**YOUR INSTRUCTIONS**
Work out how many lines in the entries below include the word "into". Give nothing but the number.
Start of MATERIAL SHOWN
definition C_base ::
  "'a::boolean_algebra set \<Rightarrow> ('a \<Rightarrow> 'a \<Rightarrow> 'a) \<Rightarrow> 'a \<Rightarrow> 'a catom \<Rightarrow> 'a catom \<Rightarrow> 'a catom \<Rightarrow> bool" where
  "C_base E rp e u v w \<longleftrightarrow>
     (u = CId \<and> v = CId \<and> w = CId) \<or>
     (\<exists>x i. diversity_atom e x \<and> u = CId \<and> v = CAt x i \<and> w = CAt x i) \<or>
     (\<exists>x y z i j k. diversity_atom e x \<and> diversity_atom e y \<and> diversity_atom e z \<and>
        u = CAt x i \<and> v = CAt y j \<and> w = CAt z k \<and> z \<le> rp x y \<and>
        ((cE E x = cE E y \<and> cE E y = cE E z) \<longrightarrow> Tpred i j k))"

definition C_cyc ::
  "'a::boolean_algebra set \<Rightarrow> ('a \<Rightarrow> 'a \<Rightarrow> 'a) \<Rightarrow> 'a \<Rightarrow> 'a catom \<Rightarrow> 'a catom \<Rightarrow> 'a catom \<Rightarrow> bool" where
  "C_cyc E rp e u v w \<longleftrightarrow>
     C_base E rp e u v w \<or> C_base E rp e u w v \<or> C_base E rp e v u w \<or>
     C_base E rp e v w u \<or> C_base E rp e w u v \<or> C_base E rp e w v u"

text \<open>Relative product in C_E(A); converse is the identity map; identity is {CId};
  Boolean operations are the set operations on subsets of C_atoms e.\<close>
definition C_comp ::
  "'a::boolean_algebra set \<Rightarrow> ('a \<Rightarrow> 'a \<Rightarrow> 'a) \<Rightarrow> 'a \<Rightarrow> 'a catom set \<Rightarrow> 'a catom set \<Rightarrow> 'a catom set" where
  "C_comp E rp e X Y = {w. \<exists>u\<in>X. \<exists>v\<in>Y. C_cyc E rp e u v w}"

definition C_subalgebra ::
  "'a::boolean_algebra set \<Rightarrow> ('a \<Rightarrow> 'a \<Rightarrow> 'a) \<Rightarrow> 'a \<Rightarrow> 'a catom set set \<Rightarrow> bool" where
  "C_subalgebra E rp e S \<longleftrightarrow>
     S \<subseteq> Pow (C_atoms e) \<and>
     {} \<in> S \<and> C_atoms e \<in> S \<and> {CId} \<in> S \<and>
     (\<forall>X\<in>S. \<forall>Y\<in>S. X \<union> Y \<in> S) \<and>
     (\<forall>X\<in>S. \<forall>Y\<in>S. X \<inter> Y \<in> S) \<and>
     (\<forall>X\<in>S. C_atoms e - X \<in> S) \<and>
     (\<forall>X\<in>S. \<forall>Y\<in>S. C_comp E rp e X Y \<in> S)"

definition atoms_of_C :: "'b set set \<Rightarrow> 'b set set" where
  "atoms_of_C S = {X \<in> S. X \<noteq> {} \<and> (\<forall>Y\<in>S. Y \<subseteq> X \<longrightarrow> Y = {} \<or> Y = X)}"

definition Jset :: "'a::boolean_algebra \<Rightarrow> 'a \<Rightarrow> nat \<Rightarrow> 'a catom set" where
  "Jset e a n = {CAt x i | x i. diversity_atom e x \<and> x \<le> a \<and> n \<le> i}
                \<union> (if e \<le> a then {CId} else {})"

end

theory Submission
  imports Defs
begin

text \<open>Partition the atoms of C_E(A) into the singletons {1'} and {x^(i)} for i < n, and the
  blocks {x^(i) : n \<le> i}, which are the sets J(x,n). The unions of blocks form a Boolean
  subalgebra whose atoms are the blocks. It is closed under relative product because relabelling
  indices by a monotone map preserves the condition T and hence maps cycles to cycles: collapsing
  all indices \<ge> n to a single k \<ge> n turns a cycle ending in z^(k') with k' \<ge> n into one ending
  in z^(k), while keeping the other two entries in their blocks.\<close>

definition saturated_sets :: "'b set \<Rightarrow> ('b \<Rightarrow> 'b set) \<Rightarrow> 'b set set" where
  "saturated_sets U B = {X. X \<subseteq> U \<and> (\<forall>w\<in>X. B w \<subseteq> X)}"

locale block_partition =
  fixes U :: "'b set" and B :: "'b \<Rightarrow> 'b set"
  assumes block_self: "w \<in> U \<Longrightarrow> w \<in> B w"
    and block_subset: "w \<in> U \<Longrightarrow> B w \<subseteq> U"
    and block_eq: "w \<in> U \<Longrightarrow> u \<in> B w \<Longrightarrow> B u = B w"
begin

lemma saturated_sets_Un: "X \<in> saturated_sets U B \<Longrightarrow> Y \<in> saturated_sets U B \<Longrightarrow>
    X \<union> Y \<in> saturated_sets U B"
  and saturated_sets_Int: "X \<in> saturated_sets U B \<Longrightarrow> Y \<in> saturated_sets U B \<Longrightarrow>
    X \<inter> Y \<in> saturated_sets U B"
  unfolding saturated_sets_def by blast+

lemma saturated_sets_Diff:
  assumes "X \<in> saturated_sets U B"
  shows "U - X \<in> saturated_sets U B"
  unfolding saturated_sets_def
proof (intro CollectI conjI ballI subsetI)
  fix w u assume w: "w \<in> U - X" and u: "u \<in> B w"
  have "u \<notin> X"
  proof
    assume "u \<in> X"
    then have "B w \<subseteq> X"
      using assms block_eq[OF _ u] w unfolding saturated_sets_def by auto
    then show False using block_self w by blast
  qed
  then show "u \<in> U - X" using block_subset u w by blast
qed blast

lemma block_in_saturated_sets: "w \<in> U \<Longrightarrow> B w \<in> saturated_sets U B"
  unfolding saturated_sets_def using block_subset block_eq by blast

lemma atoms_of_saturated_sets: "atoms_of_C (saturated_sets U B) = B ` U"
proof
  show "atoms_of_C (saturated_sets U B) \<subseteq> B ` U"
  proof
    fix X assume X: "X \<in> atoms_of_C (saturated_sets U B)"
    then obtain w where "w \<in> X" unfolding atoms_of_C_def by blast
    with X have "w \<in> U" and "B w \<subseteq> X"
      unfolding atoms_of_C_def saturated_sets_def by blast+
    with X have "B w = X"
      using block_in_saturated_sets block_self unfolding atoms_of_C_def by blast
    with \<open>w \<in> U\<close> show "X \<in> B ` U" by blast
  qed
  show "B ` U \<subseteq> atoms_of_C (saturated_sets U B)"
  proof
    fix X assume "X \<in> B ` U"
    then obtain w where w: "w \<in> U" and X: "X = B w" by blast
    have "Y = X" if "Y \<in> saturated_sets U B" "Y \<subseteq> X" "u \<in> Y" for Y u
      using that block_eq[OF w] unfolding X saturated_sets_def by blast
    then show "X \<in> atoms_of_C (saturated_sets U B)"
      unfolding atoms_of_C_def using block_in_saturated_sets[OF w] block_self[OF w] X by blast
  qed
qed

end

lemma Tpred_mono_image:
  assumes "mono f" and "Tpred i j k"
  shows "Tpred (f i) (f j) (f k)"
  using assms unfolding Tpred_def mono_def by metis

fun reindex :: "(nat \<Rightarrow> nat) \<Rightarrow> 'a catom \<Rightarrow> 'a catom" where
  "reindex f CId = CId"
| "reindex f (CAt x i) = CAt x (f i)"

lemma C_base_reindex:
  assumes "mono f" and "C_base E rp e u v w"
  shows "C_base E rp e (reindex f u) (reindex f v) (reindex f w)"
proof -
  from assms(2) consider
      "u = CId" "v = CId" "w = CId"
    | x i where "diversity_atom e x" "u = CId" "v = CAt x i" "w = CAt x i"
    | x y z i j k where "diversity_atom e x" "diversity_atom e y" "diversity_atom e z"
        "u = CAt x i" "v = CAt y j" "w = CAt z k" "z \<le> rp x y"
        "cE E x = cE E y \<and> cE E y = cE E z \<longrightarrow> Tpred i j k"
    unfolding C_base_def by blast
  then show ?thesis
  proof cases
    case (3 x y z i j k)
    then show ?thesis
      using Tpred_mono_image[OF assms(1), of i j k] unfolding C_base_def by simp
  qed (simp_all add: C_base_def)
qed

lemma C_cyc_reindex:
  "mono f \<Longrightarrow> C_cyc E rp e u v w \<Longrightarrow> C_cyc E rp e (reindex f u) (reindex f v) (reindex f w)"
  unfolding C_cyc_def using C_base_reindex by metis

lemma C_cyc_in_C_atoms: "C_cyc E rp e u v w \<Longrightarrow> w \<in> C_atoms e"
  unfolding C_cyc_def C_base_def C_atoms_def by auto

fun cblock :: "nat \<Rightarrow> 'a catom \<Rightarrow> 'a catom set" where
  "cblock n CId = {CId}"
| "cblock n (CAt x i) = (if i < n then {CAt x i} else {CAt x j | j. n \<le> j})"

lemma block_partition_cblock: "block_partition (C_atoms e) (cblock n)"
proof
  show "w \<in> cblock n w" for w :: "'a catom"
    by (cases w) auto
  show "cblock n w \<subseteq> C_atoms e" if "w \<in> C_atoms e" for w
    using that unfolding C_atoms_def by (cases w) auto
  show "cblock n u = cblock n w" if "u \<in> cblock n w" for u w :: "'a catom"
    using that by (cases w; cases u) (auto split: if_splits)
qed

definition collapse :: "nat \<Rightarrow> nat \<Rightarrow> nat \<Rightarrow> nat" where
  "collapse n k i = (if n \<le> i then k else i)"

lemma mono_collapse: "n \<le> k \<Longrightarrow> mono (collapse n k)"
  unfolding collapse_def by (rule monoI) auto

lemma reindex_collapse_in_cblock: "n \<le> k \<Longrightarrow> reindex (collapse n k) u \<in> cblock n u"
  by (cases u) (auto simp: collapse_def)

lemma C_comp_saturated_sets:
  assumes X: "X \<in> saturated_sets (C_atoms e) (cblock n)"
    and Y: "Y \<in> saturated_sets (C_atoms e) (cblock n)"
  shows "C_comp E rp e X Y \<in> saturated_sets (C_atoms e) (cblock n)"
  unfolding saturated_sets_def
proof (intro CollectI conjI ballI subsetI)
  show "w \<in> C_atoms e" if "w \<in> C_comp E rp e X Y" for w
    using that C_cyc_in_C_atoms unfolding C_comp_def by blast
  fix w w' assume w: "w \<in> C_comp E rp e X Y" and w': "w' \<in> cblock n w"
  from w obtain u v where uv: "u \<in> X" "v \<in> Y" "C_cyc E rp e u v w"
    unfolding C_comp_def by blast
  show "w' \<in> C_comp E rp e X Y"
  proof (cases "w' = w")
    case False
    then obtain z k k' where zk: "w = CAt z k" "w' = CAt z k'" "n \<le> k'"
      using w' by (cases w) (auto split: if_splits)
    let ?g = "reindex (collapse n k')"
    have "?g w = w'" using w' zk by (auto simp: collapse_def split: if_splits)
    moreover have "?g u \<in> X" "?g v \<in> Y"
      using reindex_collapse_in_cblock[OF zk(3)] uv X Y unfolding saturated_sets_def by blast+
    moreover have "C_cyc E rp e (?g u) (?g v) (?g w)"
      using C_cyc_reindex[OF mono_collapse[OF zk(3)] uv(3)] .
    ultimately show ?thesis unfolding C_comp_def by blast
  qed (use w in simp)
qed

lemma C_subalgebra_saturated_sets: "C_subalgebra E rp e (saturated_sets (C_atoms e) (cblock n))"
proof -
  interpret block_partition "C_atoms e" "cblock n" by (rule block_partition_cblock)
  have empty: "{} \<in> saturated_sets (C_atoms e) (cblock n)"
    and identity: "{CId} \<in> saturated_sets (C_atoms e) (cblock n)"
    and sub_Pow: "saturated_sets (C_atoms e) (cblock n) \<subseteq> Pow (C_atoms e)"
    unfolding saturated_sets_def C_atoms_def by auto
  have top: "C_atoms e \<in> saturated_sets (C_atoms e) (cblock n)"
    using saturated_sets_Diff[OF empty] by simp
  show ?thesis
    unfolding C_subalgebra_def
    by (intro conjI ballI empty identity sub_Pow top saturated_sets_Un saturated_sets_Int
        saturated_sets_Diff C_comp_saturated_sets) assumption+
qed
End of MATERIAL SHOWN
**ANSWER FOR THIS EXERCISE**
2